Это рассеяло его сомнения. Но даже после усердной практики я исполнял Серенаду весьма неуверенно и с большим трудом. Наконец я все-таки добился успеха.
— На вашем месте, полковник, — сказал мой наставник, кладя в карман пять гиней, — я бы приберег этот мотив для себя, а друзьям сыграл бы что-нибудь попроще. Здесь, дома, вы играете довольно прилично, поупражнявшись перед этим полчасика, но, когда меня не будет рядом, дело пойдет не так гладко, вот увидите.

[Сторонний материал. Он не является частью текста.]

(* Let $L$ be a real-valued Lévy process with characteristics $(b,q,\lambda)$ with respect to the truncation function $\tau$, let $s<t$, and let $(\pi_n)_{n\in\mathbb N}$ be a normal sequence of partitions $\pi_n=(p_{k,n})_{k=0,\dots,m_n}$ of $[s,t]$. Put $d_{k,n}=L(p_{k,n})-L(p_{k-1,n})$. Then (a) $\lim_{n\to\infty}\sum_{k=1}^{m_n}E[\tau(d_{k,n})]=(t-s)b$; (b) $\lim_{n\to\infty}\sum_{k=1}^{m_n}E[\tau^2(d_{k,n})]=(t-s)\Big(\int_{\mathbb R}(|\beta|^2\wedge1)\,\lambda(d\beta)+q\Big)$.
   Context: The truncation function is $\tau(\alpha)=\alpha$ for $|\alpha|\le1$ and $\tau(\alpha)=\alpha/|\alpha|$ for $|\alpha|>1$. A real-valued Lévy process $L$ has characteristics $(b,q,\lambda)$ with respect to $\tau$ if $E[e^{i\beta L(1)}]=\exp\big(i\beta b-\tfrac12 q\beta^2+\int_{\mathbb R}(e^{i\beta\alpha}-1-i\beta\tau(\alpha))\lambda(d\alpha)\big)$ for all $\beta\in\mathbb R$. A normal sequence of partitions of $[s,t]$ is a sequence of partitions $s=p_{0,n}<p_{1,n}<\dots<p_{m_n,n}=t$ whose mesh $\max_k(p_{k,n}-p_{k-1,n})$ tends to $0$. *)

theory Defs
  imports "HOL-Probability.Probability"
begin

definition trunc :: "real \<Rightarrow> real" where
  "trunc \<alpha> = (if \<bar>\<alpha>\<bar> \<le> 1 then \<alpha> else \<alpha> / \<bar>\<alpha>\<bar>)"

definition levy_process :: "'a measure \<Rightarrow> (real \<Rightarrow> 'a \<Rightarrow> real) \<Rightarrow> bool" where
  "levy_process M L \<longleftrightarrow>
     prob_space M \<and>
     (\<forall>t\<ge>0. L t \<in> borel_measurable M) \<and>
     (AE \<omega> in M. L 0 \<omega> = 0) \<and>
     (\<forall>(n::nat) (u::nat \<Rightarrow> real). 0 \<le> u 0 \<and> (\<forall>i<n. u i < u (Suc i)) \<longrightarrow>
        prob_space.indep_vars M (\<lambda>_. borel) (\<lambda>i \<omega>. L (u (Suc i)) \<omega> - L (u i) \<omega>) {..<n}) \<and>
     (\<forall>s t. 0 \<le> s \<and> s \<le> t \<longrightarrow>
        distr M borel (\<lambda>\<omega>. L t \<omega> - L s \<omega>) = distr M borel (L (t - s))) \<and>
     (\<forall>t\<ge>0. \<forall>e>0. ((\<lambda>h. measure M {\<omega>\<in>space M. e < \<bar>L (t + h) \<omega> - L t \<omega>\<bar>}) \<longlongrightarrow> 0)
        (at 0 within {-t..})) \<and>
     (AE \<omega> in M. \<forall>t\<ge>0. continuous (at_right t) (\<lambda>u. L u \<omega>) \<and>
        (t > 0 \<longrightarrow> (\<exists>l. ((\<lambda>u. L u \<omega>) \<longlongrightarrow> l) (at_left t))))"

definition levy_characteristics ::
  "'a measure \<Rightarrow> (real \<Rightarrow> 'a \<Rightarrow> real) \<Rightarrow> real \<Rightarrow> real \<Rightarrow> real measure \<Rightarrow> bool" where
  "levy_characteristics M L b q lam \<longleftrightarrow>
     0 \<le> q \<and> sets lam = sets borel \<and> emeasure lam {0} = 0 \<and>
     integrable lam (\<lambda>\<alpha>. min (\<alpha>\<^sup>2) 1) \<and>
     (\<forall>\<beta>::real. char (distr M borel (L 1)) \<beta> =
        exp (\<i> * complex_of_real (\<beta> * b) - complex_of_real (q * \<beta>\<^sup>2 / 2)
             + (CLINT \<alpha>|lam. iexp (\<beta> * \<alpha>) - 1 - \<i> * complex_of_real (\<beta> * trunc \<alpha>))))"

definition normal_partitions :: "real \<Rightarrow> real \<Rightarrow> (nat \<Rightarrow> nat) \<Rightarrow> (nat \<Rightarrow> nat \<Rightarrow> real) \<Rightarrow> bool" where
  "normal_partitions s t m p \<longleftrightarrow>
     (\<forall>n. p n 0 = s \<and> p n (m n) = t \<and> (\<forall>k<m n. p n k < p n (Suc k))) \<and>
     (\<lambda>n. Max {p n k - p n (k - 1) | k. 1 \<le> k \<and> k \<le> m n}) \<longlonglongrightarrow> 0"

Я не принял всерьез этого совета, разумность которого теперь полностью признаю. Но в то время я был весь во власти давно задуманного плана сыграть Линде Серенаду. Ее дом у северного конца Парк-Лейн был расположен как нельзя более удобно для этой цели; я уже подкупил слугу, чтобы он впустил меня в палисадник перед домом. Как-то в конце июня я узнал, что Линда намерена провести вечер дома и отдохнуть от светской суеты. Это и был тот случай, которого я ждал. В девять часов я положил корнет в дорожный сак и поехал к Мраморной Арке, а дальше пошел пешком. Внезапно я услышал голос Порчерлестера.
— Здравствуйте, полковник! — окликнул он меня.
Не желая подвергаться расспросам, я предпочел опередить его и спросил, куда он направляется.
— Я иду к Линде, — ответил он. — Она вчера дала мне попять, что нынче будет одна весь вечер. Я не скрываю от вас этого, полковник, потому что вы человек чести и знаете, как она добродетельна. Я обожаю ее. Если бы только я мог быть уверен, что ей нравлюсь, я сам, а не просто мой голос, я был бы счастливей всех в Англии.
— Я убежден, что ваш голос тут ни при чем, — сказал я.
— Благодарю вас, — воскликнул он, крепко сжимая мне руку, — это очень любезно с вашей стороны, но я не смею тешить себя надеждой, что вы правы! Когда я смотрю на нее, у меня аж дух захватывает. Вы знаете, я так ни разу не набрался храбрости спеть ей Серенаду Шуберта после того, как она сказала, что это ее любимая вещь!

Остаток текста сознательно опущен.